In the middle of 2018 my wife completed her studies so we decided that I would resign from the cruise lines and return to the UK to get things in place for them all. Just before my return to the UK, I visited Zambia to see my wife and children and witness the birth of our fourth son. So I returned to the UK in the search for a job reaching the Minimum Income Requirement. My town is only a medium sized town so to find this proved difficult. I eventually just took any job as my family needed me.
Late 2018, an agency phoned me asking to perhaps consider moving down south for a job which met the Minimum Income Requirement. I obviously took it. I moved into a colleague's house untilI I could find a suitable place of my own and suitable for my family. I soon realised that I was in a losing battle. The cost of living against what I was earning was not enough. It seemed like I was never going to find anything suitable. I carried on working at the place but also started searching for other jobs and more affordable places to live. I eventually found somewhere and felt like a light might be at the end of the tunnel.

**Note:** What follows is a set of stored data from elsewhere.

(* Let $\rho_n,\rho\in\mathcal{P}(\mathbb{T}^d)$ with $\rho_n\to\rho$ in $W_2$, and suppose that $D^2u[\rho_n]\succeq-\lambda_0^n$ with $\lambda_0^n\in[0,\infty)$ and $\lambda_0^n\to\lambda_0\in[0,\infty)$. Then $D^2u[\rho]\succeq-\lambda_0$.
   Context: $\mathbb{T}^d=\mathbb{R}^d/\mathbb{Z}^d$; $W_2$ is the quadratic Wasserstein distance on $\mathcal{P}(\mathbb{T}^d)$ for the flat torus distance. $V,W\in C^{2,1}(\mathbb{T}^d)$. For $\rho$ with strictly positive density, $u[\rho]=\log\rho+V+W*\rho$, $W*\rho(x)=\int W(x-y)\,d\rho(y)$. $D^2u[\rho]\succeq-\lambda$ (with $\lambda<\infty$) means that $\rho$ has a positive density, $u[\rho]$ is well-defined and $D^2u[\rho]+\lambda I_d\succeq0$ in the weak (semi-convex) sense. *)

theory Defs
  imports "HOL-Probability.Probability"
begin

text \<open>Points of T^d are represented by points of
  R^d (type real^'d), functions on T^d by Z^d-periodic functions on R^d, and
  probability measures on T^d by Borel probability measures on R^d concentrated
  on the fundamental cell [0,1)^d.\<close>

definition int_lattice :: "(real^'d) set" where
  "int_lattice = {k. \<forall>i. k $ i \<in> \<int>}"

definition unit_cell :: "(real^'d) set" where
  "unit_cell = {x. \<forall>i. 0 \<le> x $ i \<and> x $ i < 1}"

definition periodic :: "(real^'d \<Rightarrow> 'b) \<Rightarrow> bool" where
  "periodic f \<longleftrightarrow> (\<forall>x k. k \<in> int_lattice \<longrightarrow> f (x + k) = f x)"

definition torus_dist :: "real^'d \<Rightarrow> real^'d \<Rightarrow> real" where
  "torus_dist x y = Inf ((\<lambda>k. norm (x - y - k)) ` int_lattice)"

definition torus_prob :: "(real^'d) measure \<Rightarrow> bool" where
  "torus_prob \<mu> \<longleftrightarrow> prob_space \<mu> \<and> sets \<mu> = sets borel \<and> emeasure \<mu> (- unit_cell) = 0"

definition couplings :: "(real^'d) measure \<Rightarrow> (real^'d) measure \<Rightarrow> (((real^'d) \<times> (real^'d)) measure) set" where
  "couplings \<mu> \<nu> = {\<pi>. prob_space \<pi> \<and> sets \<pi> = sets borel
       \<and> distr \<pi> borel fst = \<mu> \<and> distr \<pi> borel snd = \<nu>}"

definition W2 :: "(real^'d) measure \<Rightarrow> (real^'d) measure \<Rightarrow> real" where
  "W2 \<mu> \<nu> = sqrt (Inf ((\<lambda>\<pi>. \<integral>p. (torus_dist (fst p) (snd p))\<^sup>2 \<partial>\<pi>) ` couplings \<mu> \<nu>))"

definition C21_torus :: "(real^'d \<Rightarrow> real) \<Rightarrow> bool" where
  "C21_torus f \<longleftrightarrow> periodic f \<and>
     (\<exists>g H L. (\<forall>x. (f has_derivative (\<lambda>h. g x \<bullet> h)) (at x))
            \<and> (\<forall>x. (g has_derivative (\<lambda>h. H x *v h)) (at x))
            \<and> (\<forall>x y. norm (H x - H y) \<le> L * norm (x - y)))"

definition conv :: "(real^'d \<Rightarrow> real) \<Rightarrow> (real^'d) measure \<Rightarrow> real^'d \<Rightarrow> real" where
  "conv W \<rho> x = (\<integral>y. W (x - y) \<partial>\<rho>)"

definition pos_density :: "(real^'d) measure \<Rightarrow> (real^'d \<Rightarrow> real) \<Rightarrow> bool" where
  "pos_density \<rho> f \<longleftrightarrow> f \<in> borel_measurable borel \<and> periodic f \<and> (\<forall>x. 0 < f x)
      \<and> \<rho> = density lborel (\<lambda>x. ennreal (indicator unit_cell x * f x))"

A few months into the job I got a company to support our case to attain my wifes Spouse Visa etc. It is now a little over a year since we have been trying this time around and now thinking we maybe back to square one since the COViD-19 outbreak. I am currently on furlough and am very anxious that our case might be strong enough for my family and I to be reunited. Also if the business is financially strong enough to reopen.
So after countless moments, birthdays, Christamas’s, special occasions and much much more. Not to mention all the emotional, psychological and mental stress our boys are being put through for us not being all together. We don’t know when we will be reunited. I never thought when I made that promise all the years ago, I would be a Father without his children on Father's Day.